Segment Open

lemma trace_square_mat_sum_le:
  fixes P :: "'v \<Rightarrow> complex mat"
  assumes fin: "finite V" and P: "\<And>v. v \<in> V \<Longrightarrow> orth_projector d (P v)"
    and orth: "\<And>v w. v \<in> V \<Longrightarrow> w \<in> V \<Longrightarrow> E v w \<Longrightarrow> P v * P w = 0\<^sub>m d d"
    and clique: "\<And>u v w. u \<in> V \<Longrightarrow> v \<in> V \<Longrightarrow> w \<in> V \<Longrightarrow> v \<noteq> u \<Longrightarrow> w \<noteq> u \<Longrightarrow> v \<noteq> w \<Longrightarrow>
      \<not> E u v \<Longrightarrow> \<not> E u w \<Longrightarrow> E v w"
  shows "Re (trace (mat_sum d V P * mat_sum d V P)) \<le> 2 * (\<Sum>v\<in>V. Re (trace (P v)))"
proof -
  define S where "S = mat_sum d V P"
  have Pc: "\<And>v. v \<in> V \<Longrightarrow> P v \<in> carrier_mat d d"
    using P by (simp add: orth_projector_carrier)
  have "S * S = mat_sum d V (\<lambda>u. P u * S)"
    unfolding S_def by (rule mult_mat_sum_left) (use Pc in auto)
  moreover have "trace (mat_sum d V (\<lambda>u. P u * S)) = (\<Sum>u\<in>V. trace (P u * S))"
    by (rule trace_mat_sum) (use Pc in \<open>auto simp: S_def intro!: mult_carrier_mat\<close>)
  ultimately have "Re (trace (S * S)) = (\<Sum>u\<in>V. Re (trace (P u * S)))"
    by (simp add: Re_sum)
  also have "\<dots> \<le> (\<Sum>u\<in>V. 2 * Re (trace (P u)))"
    unfolding S_def using fin P orth clique
    by (intro sum_mono trace_mult_mat_sum_nonneighbours_le[where E = E]) auto
  finally show ?thesis
    by (simp add: S_def sum_distrib_left)
qed

lemma sum_trace_le_twice_dim:
  fixes P :: "'v \<Rightarrow> complex mat"
  assumes fin: "finite V" and P: "\<And>v. v \<in> V \<Longrightarrow> orth_projector d (P v)"
    and orth: "\<And>v w. v \<in> V \<Longrightarrow> w \<in> V \<Longrightarrow> E v w \<Longrightarrow> P v * P w = 0\<^sub>m d d"
    and clique: "\<And>u v w. u \<in> V \<Longrightarrow> v \<in> V \<Longrightarrow> w \<in> V \<Longrightarrow> v \<noteq> u \<Longrightarrow> w \<noteq> u \<Longrightarrow> v \<noteq> w \<Longrightarrow>
      \<not> E u v \<Longrightarrow> \<not> E u w \<Longrightarrow> E v w"
  shows "(\<Sum>v\<in>V. Re (trace (P v))) \<le> 2 * real d"
proof -
  define S where "S = mat_sum d V P"
  define X where "X = (\<Sum>v\<in>V. Re (trace (P v)))"
  have "Re (trace S) = X"
    unfolding S_def X_def using P by (simp add: trace_mat_sum orth_projector_carrier Re_sum)
  then have "X\<^sup>2 \<le> real d * Re (trace (S * S))"
    using hermitian_trace_squared_le[of S d] mat_adjoint_mat_sum_orth_projector[OF fin P]
    by (simp add: S_def)
  also have "\<dots> \<le> real d * (2 * X)"
    using trace_square_mat_sum_le[OF fin P orth clique] by (simp add: S_def X_def mult_left_mono)
  finally have "X\<^sup>2 \<le> real d * (2 * X)" .
  moreover have "0 \<le> X"
    unfolding X_def using P by (intro sum_nonneg trace_orth_projector_nonneg) auto
  ultimately show ?thesis
    unfolding X_def[symmetric] by (cases "X = 0") (auto simp: power2_eq_square)
qed

lemma ex_dr_representation_card_one:
  assumes G: "simple_graph V E"
  shows "\<exists>P. dr_representation V E (card V) 1 P"
proof -
  define n where "n = card V"
  obtain h where h: "bij_betw h V {..<n}"
    using G ex_bij_betw_finite_nat[of V] unfolding simple_graph_def n_def atLeast0LessThan by blast
  define P where "P v = proj_onto (unit_vec n (h v))" for v
  have hV: "h v < n" if "v \<in> V" for v
    using bij_betw_apply[OF h that] by simp
  have "dr_representation V E n 1 P"
    unfolding dr_representation_def
  proof (intro conjI ballI allI impI)
    fix v
    assume "v \<in> V"
    then have "h v < n"
      by (rule hV)
    then show "orth_projector n (P v)"
      unfolding P_def by (intro orth_projector_proj_onto) auto
    show "vec_space.rank n (P v) = 1"
      unfolding P_def by (rule rank_proj_onto_unit_vec) fact
  next
    fix v w
    assume "E v w"
    then have "v \<in> V" "w \<in> V" "v \<noteq> w"
      using G unfolding simple_graph_def by auto
    then have "h v \<noteq> h w"
      using h unfolding bij_betw_def inj_on_def by blast
    then show "P v * P w = 0\<^sub>m n n"
      unfolding P_def using hV \<open>v \<in> V\<close> \<open>w \<in> V\<close> by (intro proj_onto_mult_orthogonal) auto
  qed
  then show ?thesis
    unfolding n_def by blast
qed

Segment Closed

What is being asked: Would you please return all lines from the listing above that contain "also"?

Exercise response:
  also have "\<dots> \<le> (\<Sum>u\<in>V. 2 * Re (trace (P u)))"
  also have "\<dots> \<le> real d * (2 * X)"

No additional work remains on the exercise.